- 円が対ドルで一時急伸、157円32銭-その後158円42銭まで下落
- 4月の米小売売上高は3カ月連続で増加-消費の底堅さを示唆

14日の米金融市場で、S&P500種株価指数が続伸。終値ベースで7500を上回り、過去最高値を更新した。人工知能(AI)関連取引の復活が相場を押し上げた。朝方発表された小売り指標は、エネルギー価格の高騰にもかかわらず、消費の底堅さを示し、相場の支援材料となった。
| 株式 | 終値 | 前営業日比 | 変化率 |
|---|---|---|---|
| S&P500種株価指数 | 7501.24 | 56.99 | 0.77% |
| ダウ工業株30種平均 | 50063.46 | 370.26 | 0.75% |
| ナスダック総合指数 | 26635.22 | 232.88 | 0.88% |
外国為替市場では円が対ドルで一時、急上昇し、ニューヨーク前日終値比0.34%高の1ドル=157円32銭を付けた。ウェスト・テキサス・インターミディエート(WTI)原油は、前日終値からほぼ横ばいの1バレル=101ドル台で取引を終えた。原油相場が落ち着いたことも投資家心理の改善に寄与した。
半導体関連株の上昇がS&P500種の上昇をけん引した。エヌビディアは7営業日続伸し、時価総額は6兆ドルが視野に入った。シスコシステムズは前日の通常取引終了後に堅調な業績見通しを発表したことを受けて、株価が13%上昇した。14日に新規上場したAI半導体のセレブラス株は、公開価格と比較して68%高で取引を終えた。

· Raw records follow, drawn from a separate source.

lemma scaleC_diff_right: "a *\<^sub>C (x - y::'a::chilbert) = a *\<^sub>C x - a *\<^sub>C y"
  using scaleC_add_right[of a "x - y" y] by (simp add: eq_diff_eq)

lemma power2_norm_eq_cinner: "(norm x)^2 = Re (cinner x (x::'a::chilbert))"
proof -
  have "0 \<le> Re (cinner x x)"
    using norm_eq_sqrt_cinner[of x] by (metis norm_ge_zero real_sqrt_lt_0_iff not_le)
  then show ?thesis by (simp add: norm_eq_sqrt_cinner)
qed

lemma cinner_self_eq_power2_norm: "cinner x (x::'a::chilbert) = complex_of_real ((norm x)^2)"
  using arg_cong[OF cinner_commute[of x x], of Im]
  by (simp add: complex_eq_iff power2_norm_eq_cinner)

lemma norm_scaleC: "norm (a *\<^sub>C (x::'a::chilbert)) = cmod a * norm x"
proof -
  have "(norm (a *\<^sub>C x))^2 = Re (a * (cnj a * cinner x x))"
    by (simp only: power2_norm_eq_cinner cinner_scaleC_left cinner_scaleC_right)
  also have "a * (cnj a * cinner x x) = complex_of_real ((cmod a)^2 * (norm x)^2)"
    by (subst of_real_mult, subst complex_norm_square) (simp add: cinner_self_eq_power2_norm mult_ac)
  finally have "(norm (a *\<^sub>C x))^2 = (cmod a * norm x)^2"
    by (simp only: Re_complex_of_real power_mult_distrib)
  then show ?thesis
    by (simp add: power2_eq_iff_nonneg)
qed

lemma power2_norm_add:
  "(norm (x + y))^2 = (norm x)^2 + 2 * Re (cinner y x) + (norm (y::'a::chilbert))^2"
  using arg_cong[OF cinner_commute[of x y], of Re]
  by (simp add: power2_norm_eq_cinner cinner_add_left cinner_add_right)

lemma Im_cinner_selfadjoint: "selfadjoint T \<Longrightarrow> Im (cinner (T x) (x::'a::chilbert)) = 0"
  unfolding selfadjoint_def using arg_cong[OF cinner_commute[of x "T x"], of Im] by simp

lemma cbounded_linear_iff:
  "cbounded_linear T \<longleftrightarrow> bounded_linear T \<and> (\<forall>c x. T (c *\<^sub>C x) = c *\<^sub>C T x)"
proof
  assume "cbounded_linear T"
  then obtain K where "\<And>x y. T (x + y) = T x + T y" "\<And>c x. T (c *\<^sub>C x) = c *\<^sub>C T x"
      "\<And>x. norm (T x) \<le> norm x * K"
    unfolding cbounded_linear_def by blast
  then show "bounded_linear T \<and> (\<forall>c x. T (c *\<^sub>C x) = c *\<^sub>C T x)"
    by (auto intro!: bounded_linear_intro simp flip: scaleC_of_real)
next
  assume "bounded_linear T \<and> (\<forall>c x. T (c *\<^sub>C x) = c *\<^sub>C T x)"
  then show "cbounded_linear T"
    unfolding cbounded_linear_def
    by (auto simp: linear_add[OF bounded_linear.linear] dest: bounded_linear.bounded)
qed

lemma bounded_linear_scaleC_right: "bounded_linear (\<lambda>x::'a::chilbert. c *\<^sub>C x)"
  by (rule bounded_linear_intro[where K = "cmod c"])
    (simp_all add: scaleC_add_right scaleC_scaleC norm_scaleC mult.commute flip: scaleC_of_real)

lemma cbounded_linear_id: "cbounded_linear (\<lambda>x::'a::chilbert. x)"
  by (simp add: cbounded_linear_iff)

lemma cbounded_linear_add:
  "cbounded_linear S \<Longrightarrow> cbounded_linear T \<Longrightarrow> cbounded_linear (\<lambda>x. S x + T x)"
  by (simp add: cbounded_linear_iff bounded_linear_add scaleC_add_right)

lemma cbounded_linear_diff:
  "cbounded_linear S \<Longrightarrow> cbounded_linear T \<Longrightarrow> cbounded_linear (\<lambda>x. S x - T x)"
  by (simp add: cbounded_linear_iff bounded_linear_sub scaleC_diff_right)

lemma cbounded_linear_scaleC:
  "cbounded_linear T \<Longrightarrow> cbounded_linear (\<lambda>x. c *\<^sub>C T x)"
  by (simp add: cbounded_linear_iff bounded_linear_compose[OF bounded_linear_scaleC_right]
      scaleC_scaleC mult.commute)

lemma cbounded_linear_comp:
  "cbounded_linear S \<Longrightarrow> cbounded_linear T \<Longrightarrow> cbounded_linear (S \<circ> T)"
  by (simp add: cbounded_linear_iff bounded_linear_compose o_def)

4月の米小売売上高は市場予想と一致し、3カ月連続で増加した。前月の1.6%増(改定値)に続き、0.5%増となった。イラン戦争に伴うガソリン価格の急騰にもかかわらず、消費の底堅さが確認された。
eToro(イートロ)のブレット・ケンウェル氏は、「4月の小売売上高は、ここ数週間に企業決算説明会で繰り返されてきた内容を裏付けるものだった。ガソリン価格が急騰する中でも、米消費は底堅さを維持している」と述べた。「一方で、株式市場に関して言えば、現在相場を主導しているのは消費ではなくテクノロジー株だ」と加えた。

ナベリア・アンド・アソシエーツのルイス・ナベリア氏は、不透明感が強い局面では、ファンダメンタルズが優れた銘柄を積極的に保有することが最善の防御策だと述べた。データセンターやAI関連企業では受注残が積み上がっており、次の四半期の利益はさらに力強い内容になる可能性があると指摘した。
企業利益の拡大が続くとの見方が、エネルギーコスト上昇によるインフレ加速と消費者マインド悪化への懸念を打ち消している。ブルームバーグ・インテリジェンスの集計データによると、S&P500種に採用されている企業の第1四半期利益は前年同期比約27%増となったとみられる。2桁増益は6四半期連続となる。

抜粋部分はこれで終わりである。